**TASK DIRECTIONS**
Lines in the listing below that contain the string "cong" are to be found and copied.

**PROVIDED DATA**

:::::

(* Let $t,u\in\mathbb{R}$ satisfy $t\notin\{0,1\}$, $u\notin\{0,1,-1\}$, $2u\ne t+1$, $tu+u\ne2$, $D_F(t,u)\ne0$ and $V_F(t,\omega(u))>0$. Then $\mathfrak{g}_{t,u}\in\mathcal{E}(\mathcal{P}_{4,4})$.
   Context: Variables $a,b,c,d$. Put $s_0=a^4+b^4+c^4+d^4-4abcd$; $s_1=T_{3,1}-12abcd$ with $T_{3,1}=\sum_{i\ne j}x_i^3x_j$; $s_2=\sum_{i<j}x_i^2x_j^2-6abcd$; $s_3=T_{2,1,1}-12abcd$ with $T_{2,1,1}=\sum_i x_i^2\sum_{j<k,\ j,k\ne i}x_jx_k$; $s_4=abcd$ (here $(x_1,x_2,x_3,x_4)=(a,b,c,d)$). Let $\omega(u)=u+\frac1u-2$ and $p^G_0(t,w)=(4t+2)w^2-3(t-1)^2w$, $p^G_1(t,w)=-2(t+1)^2w^2+2(t+1)(t-1)^2w$, $p^G_2(t,w)=4t^2w^2-2(t-1)^2(2t-1)w+2(t-1)^4$, $p^G_3(t,w)=2(t+1)^2w^2-(t-1)^2(t^2+3)w-2(t-1)^4$, $p^G_4(t,w)=2(t-1)^4w^2$, and for $u\ne0$, $\mathfrak{g}_{t,u}=u^2\sum_{i=0}^4p^G_i(t,\omega(u))s_i$. Let $V_F(t,w)=(3+6t-t^2)w^2-6(t-1)^2w$ and $D_F(t,u)=(3+6t-t^2)-(13+6t+5t^2)u+(10+9t+4t^2+t^3)u^2-(1+6t+t^2)u^3$. $\mathcal{P}_{4,4}$ is the cone of real quartic forms in $a,b,c,d$ nonnegative on $\mathbb{R}^4$; $f\in\mathcal{P}_{4,4}\setminus\{0\}$ is extremal ($f\in\mathcal{E}(\mathcal{P}_{4,4})$) if $f=g+h$ with $g,h\in\mathcal{P}_{4,4}$ forces $g,h\in\mathbb{R}_{\ge0}f$. *)

theory Defs
  imports Complex_Main
begin

type_synonym form4 = "real \<Rightarrow> real \<Rightarrow> real \<Rightarrow> real \<Rightarrow> real"

definition exps4 :: "(nat \<times> nat \<times> nat \<times> nat) set" where
  "exps4 = {(i,j,k,l). i \<le> 4 \<and> j \<le> 4 \<and> k \<le> 4 \<and> l \<le> 4 \<and> i + j + k + l = 4}"

definition quartic_form :: "form4 \<Rightarrow> bool" where
  "quartic_form f \<longleftrightarrow> (\<exists>coef :: nat \<times> nat \<times> nat \<times> nat \<Rightarrow> real.
     \<forall>a b c d. f a b c d =
       (\<Sum>(i,j,k,l)\<in>exps4. coef (i,j,k,l) * a ^ i * b ^ j * c ^ k * d ^ l))"

definition P44 :: "form4 set" where
  "P44 = {f. quartic_form f \<and> (\<forall>a b c d. f a b c d \<ge> 0)}"

definition extremal_P44 :: "form4 \<Rightarrow> bool" where
  "extremal_P44 f \<longleftrightarrow> f \<in> P44 \<and> f \<noteq> (\<lambda>a b c d. 0) \<and>
     (\<forall>g \<in> P44. \<forall>h \<in> P44. f = (\<lambda>a b c d. g a b c d + h a b c d) \<longrightarrow>
        (\<exists>r\<ge>0. g = (\<lambda>a b c d. r * f a b c d)) \<and>
        (\<exists>r\<ge>0. h = (\<lambda>a b c d. r * f a b c d)))"

definition s0 :: form4 where
  "s0 a b c d = a^4 + b^4 + c^4 + d^4 - 4*a*b*c*d"

definition T31 :: form4 where
  "T31 a b c d =
     a^3*b + a^3*c + a^3*d + b^3*a + b^3*c + b^3*d +
     c^3*a + c^3*b + c^3*d + d^3*a + d^3*b + d^3*c"

definition s1 :: form4 where
  "s1 a b c d = T31 a b c d - 12*a*b*c*d"

definition s2 :: form4 where
  "s2 a b c d = a^2*b^2 + a^2*c^2 + a^2*d^2 + b^2*c^2 + b^2*d^2 + c^2*d^2 - 6*a*b*c*d"

definition T211 :: form4 where
  "T211 a b c d = a^2*(b*c + b*d + c*d) + b^2*(a*c + a*d + c*d)
                + c^2*(a*b + a*d + b*d) + d^2*(a*b + a*c + b*c)"

definition s3 :: form4 where
  "s3 a b c d = T211 a b c d - 12*a*b*c*d"

definition s4 :: form4 where
  "s4 a b c d = a*b*c*d"

definition omega :: "real \<Rightarrow> real" where
  "omega u = u + 1/u - 2"

definition pG0 :: "real \<Rightarrow> real \<Rightarrow> real" where
  "pG0 t w = (4*t+2)*w^2 - 3*(t-1)^2*w"
definition pG1 :: "real \<Rightarrow> real \<Rightarrow> real" where
  "pG1 t w = -2*(t+1)^2*w^2 + 2*(t+1)*(t-1)^2*w"
definition pG2 :: "real \<Rightarrow> real \<Rightarrow> real" where
  "pG2 t w = 4*t^2*w^2 - 2*(t-1)^2*(2*t-1)*w + 2*(t-1)^4"
definition pG3 :: "real \<Rightarrow> real \<Rightarrow> real" where
  "pG3 t w = 2*(t+1)^2*w^2 - (t-1)^2*(t^2+3)*w - 2*(t-1)^4"
definition pG4 :: "real \<Rightarrow> real \<Rightarrow> real" where
  "pG4 t w = 2*(t-1)^4*w^2"

definition gG :: "real \<Rightarrow> real \<Rightarrow> form4" where
  "gG t u a b c d = u^2 * (pG0 t (omega u) * s0 a b c d + pG1 t (omega u) * s1 a b c d
      + pG2 t (omega u) * s2 a b c d + pG3 t (omega u) * s3 a b c d
      + pG4 t (omega u) * s4 a b c d)"

definition VF :: "real \<Rightarrow> real \<Rightarrow> real" where
  "VF t w = (3 + 6*t - t^2)*w^2 - 6*(t-1)^2*w"

definition DF :: "real \<Rightarrow> real \<Rightarrow> real" where
  "DF t u = (3 + 6*t - t^2) - (13 + 6*t + 5*t^2)*u + (10 + 9*t + 4*t^2 + t^3)*u^2
            - (1 + 6*t + t^2)*u^3"

end

theory Submission
  imports Defs
begin

text \<open>
  In the Hadamard coordinates (a,b,c,d) = (m+x+y+z, m+x-y-z, m-x+y-z, m-x-y+z) the form g_{t,u}
  becomes u^2 h with h = 2(t-1)^4 (w m^2 - (w+4) S)^2 + E T + G m x y z, where w = \<omega>(u),
  S = x^2+y^2+z^2, T = x^2 y^2 + y^2 z^2 + z^2 x^2, and E, G depend only on t and w, with G a
  multiple of V_F(t,w). On the diagonal x = y = z the form h is a square times
  2 w^2 (...)^2 + 8 V_F r^2. Since h is affine in T, and T lies between 3|xyz|\<rho> and 3\<rho>^4
  where S = 3\<rho>^2, this gives h \<ge> 0 as soon as V_F \<ge> 0.

  The form h has ten singular zeros: (1+u, \<plusminus>(1-u) e_i) and (t+3, (t-1) s) for the four sign
  vectors s with product 1. If g = p + q with p, q \<ge> 0, then p vanishes to second order wherever g
  does, so p - r g, with r chosen to kill the value at (1,1,1,1), has all ten singular zeros.
  Elimination on its 35 coefficients shows that such a quartic is zero; hence p and q are
  multiples of g.
\<close>

section \<open>Homogeneous forms in four variables\<close>

definition exps :: "nat \<Rightarrow> (nat \<times> nat \<times> nat \<times> nat) set" where
  "exps n = {(i,j,k,l). i + j + k + l = n}"

lemma finite_exps: "finite (exps n)"
proof (rule finite_subset)
  show "exps n \<subseteq> {..n} \<times> {..n} \<times> {..n} \<times> {..n}"
    by (auto simp: exps_def)
qed simp

lemma exps_4: "exps 4 = {(0,0,0,4), (0,0,1,3), (0,0,2,2), (0,0,3,1), (0,0,4,0), (0,1,0,3), (0,1,1,2),
  (0,1,2,1), (0,1,3,0), (0,2,0,2), (0,2,1,1), (0,2,2,0), (0,3,0,1), (0,3,1,0), (0,4,0,0), (1,0,0,3),
  (1,0,1,2), (1,0,2,1), (1,0,3,0), (1,1,0,2), (1,1,1,1), (1,1,2,0), (1,2,0,1), (1,2,1,0), (1,3,0,0),
  (2,0,0,2), (2,0,1,1), (2,0,2,0), (2,1,0,1), (2,1,1,0), (2,2,0,0), (3,0,0,1), (3,0,1,0), (3,1,0,0),
  (4,0,0,0)}"
proof -
  have bounds: "i + j + k + l = 4 \<Longrightarrow> i \<le> 4 \<and> j \<le> 4 \<and> k \<le> 4 \<and> i + j + k \<le> 4 \<and> l = 4 - i - j - k"
    for i j k l :: nat by arith
  have cases: "i \<le> 4 \<Longrightarrow> i = 0 \<or> i = 1 \<or> i = 2 \<or> i = 3 \<or> i = 4" for i :: nat
    by arith
  show ?thesis unfolding exps_def
    apply (rule set_eqI, clarsimp, rule iffI)
     apply (drule bounds, elim conjE, drule cases, drule cases, drule cases)
     apply (elim disjE; simp)
    apply (elim disjE; simp)
    done
qed

lemma exps4_eq_exps: "exps4 = exps 4"
  by (auto simp: exps4_def exps_def)

definition form_of :: "nat \<Rightarrow> (nat \<times> nat \<times> nat \<times> nat \<Rightarrow> real) \<Rightarrow> form4" where
  "form_of n c x1 x2 x3 x4 = (\<Sum>(i,j,k,l)\<in>exps n. c (i,j,k,l) * x1^i * x2^j * x3^k * x4^l)"

definition hom_form :: "nat \<Rightarrow> form4 \<Rightarrow> bool" where
  "hom_form n f \<longleftrightarrow> (\<exists>c. f = form_of n c)"

lemma quartic_form_iff_hom_form: "quartic_form f \<longleftrightarrow> hom_form 4 f"
  by (simp add: quartic_form_def hom_form_def form_of_def exps4_eq_exps fun_eq_iff)

lemma hom_form_zero: "hom_form n (\<lambda>x1 x2 x3 x4. 0)"
  unfolding hom_form_def form_of_def by (rule exI[of _ "\<lambda>_. 0"]) simp

lemma hom_form_add:
  assumes "hom_form n f" "hom_form n g"
  shows "hom_form n (\<lambda>x1 x2 x3 x4. f x1 x2 x3 x4 + g x1 x2 x3 x4)"
proof -
  from assms obtain c d where "f = form_of n c" "g = form_of n d"
    by (auto simp: hom_form_def)
  then have "(\<lambda>x1 x2 x3 x4. f x1 x2 x3 x4 + g x1 x2 x3 x4) = form_of n (\<lambda>e. c e + d e)"
    by (simp add: fun_eq_iff form_of_def split_def sum.distrib distrib_right)
  then show ?thesis by (auto simp: hom_form_def)
qed

lemma hom_form_scale:
  assumes "hom_form n f"
  shows "hom_form n (\<lambda>x1 x2 x3 x4. r * f x1 x2 x3 x4)"
proof -
  from assms obtain c where "f = form_of n c" by (auto simp: hom_form_def)
  then have "(\<lambda>x1 x2 x3 x4. r * f x1 x2 x3 x4) = form_of n (\<lambda>e. r * c e)"
    by (simp add: fun_eq_iff form_of_def split_def sum_distrib_left mult.assoc)
  then show ?thesis by (auto simp: hom_form_def)
qed

lemma hom_form_diff:
  assumes "hom_form n f" "hom_form n g"
  shows "hom_form n (\<lambda>x1 x2 x3 x4. f x1 x2 x3 x4 - r * g x1 x2 x3 x4)"
  using hom_form_add[OF assms(1) hom_form_scale[OF assms(2), of "-r"]] by simp

lemma hom_form_sum:
  assumes "finite A" "\<And>i. i \<in> A \<Longrightarrow> hom_form n (F i)"
  shows "hom_form n (\<lambda>x1 x2 x3 x4. \<Sum>i\<in>A. F i x1 x2 x3 x4)"
  using assms by (induction A rule: finite_induct) (simp_all add: hom_form_zero hom_form_add)

lemma hom_form_monomial:
  assumes "(i,j,k,l) \<in> exps n"
  shows "hom_form n (\<lambda>x1 x2 x3 x4. x1^i * x2^j * x3^k * x4^l)"
proof -
  let ?c = "\<lambda>e. if e = (i,j,k,l) then 1 else 0 :: real"
  have "form_of n ?c x1 x2 x3 x4 = x1^i * x2^j * x3^k * x4^l" for x1 x2 x3 x4
    unfolding form_of_def split_def using finite_exps assms
    by (simp add: if_distrib[where f = "\<lambda>z. z * _"] cong: if_cong)
  then show ?thesis unfolding hom_form_def by (intro exI[of _ ?c]) (simp add: fun_eq_iff)
qed

lemma hom_form_mult:
  assumes "hom_form n f" "hom_form m g"
  shows "hom_form (n + m) (\<lambda>x1 x2 x3 x4. f x1 x2 x3 x4 * g x1 x2 x3 x4)"
proof -
  from assms obtain c d where f: "f = form_of n c" and g: "g = form_of m d"
    by (auto simp: hom_form_def)
  define prod_term where "prod_term e e' = (\<lambda>x1 x2 x3 x4 :: real.
      (c e * d e') * (case e of (i,j,k,l) \<Rightarrow> case e' of (i',j',k',l') \<Rightarrow>
         x1^(i+i') * x2^(j+j') * x3^(k+k') * x4^(l+l')))" for e e'
  have "f x1 x2 x3 x4 * g x1 x2 x3 x4 = (\<Sum>e\<in>exps n. \<Sum>e'\<in>exps m. prod_term e e' x1 x2 x3 x4)"
    for x1 x2 x3 x4
    unfolding f g form_of_def prod_term_def sum_product split_def
    by (intro sum.cong refl) (simp add: power_add algebra_simps)
  moreover have "hom_form (n + m) (prod_term e e')" if "e \<in> exps n" "e' \<in> exps m" for e e'
  proof (cases e, cases e')
    fix i j k l i' j' k' l' assume "e = (i,j,k,l)" "e' = (i',j',k',l')"
    moreover from this that have "(i+i', j+j', k+k', l+l') \<in> exps (n + m)"
      by (simp add: exps_def)
    ultimately show ?thesis
      unfolding prod_term_def by (simp add: hom_form_scale hom_form_monomial)
  qed
  ultimately show ?thesis
    by (simp add: hom_form_sum finite_exps)
qed

lemma hom_form_one: "hom_form 0 (\<lambda>x1 x2 x3 x4. 1)"
  using hom_form_monomial[of 0 0 0 0 0] by (simp add: exps_def)

lemma hom_form_power:
  assumes "hom_form 1 f"
  shows "hom_form k (\<lambda>x1 x2 x3 x4. f x1 x2 x3 x4 ^ k)"
proof (induction k)
  case 0
  then show ?case using hom_form_one by simp
next
  case (Suc k)
  then show ?case using hom_form_mult[OF assms Suc] by simp
qed

lemma hom_form_linear: "hom_form 1 (\<lambda>x1 x2 x3 x4. p1 * x1 + p2 * x2 + p3 * x3 + p4 * x4)"
proof -
  have "exps 1 = {(1,0,0,0), (0,1,0,0), (0,0,1,0), (0,0,0,1)}"
    by (auto simp: exps_def)
  then show ?thesis
    unfolding hom_form_def form_of_def
    by (intro exI[of _ "\<lambda>(i,j,k,l). p1 ^ i * p2 ^ j * p3 ^ k * p4 ^ l"]) (simp add: fun_eq_iff)
qed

:::::

**WORKED SOLUTION**
    by (simp add: if_distrib[where f = "\<lambda>z. z * _"] cong: if_cong)
    by (intro sum.cong refl) (simp add: power_add algebra_simps)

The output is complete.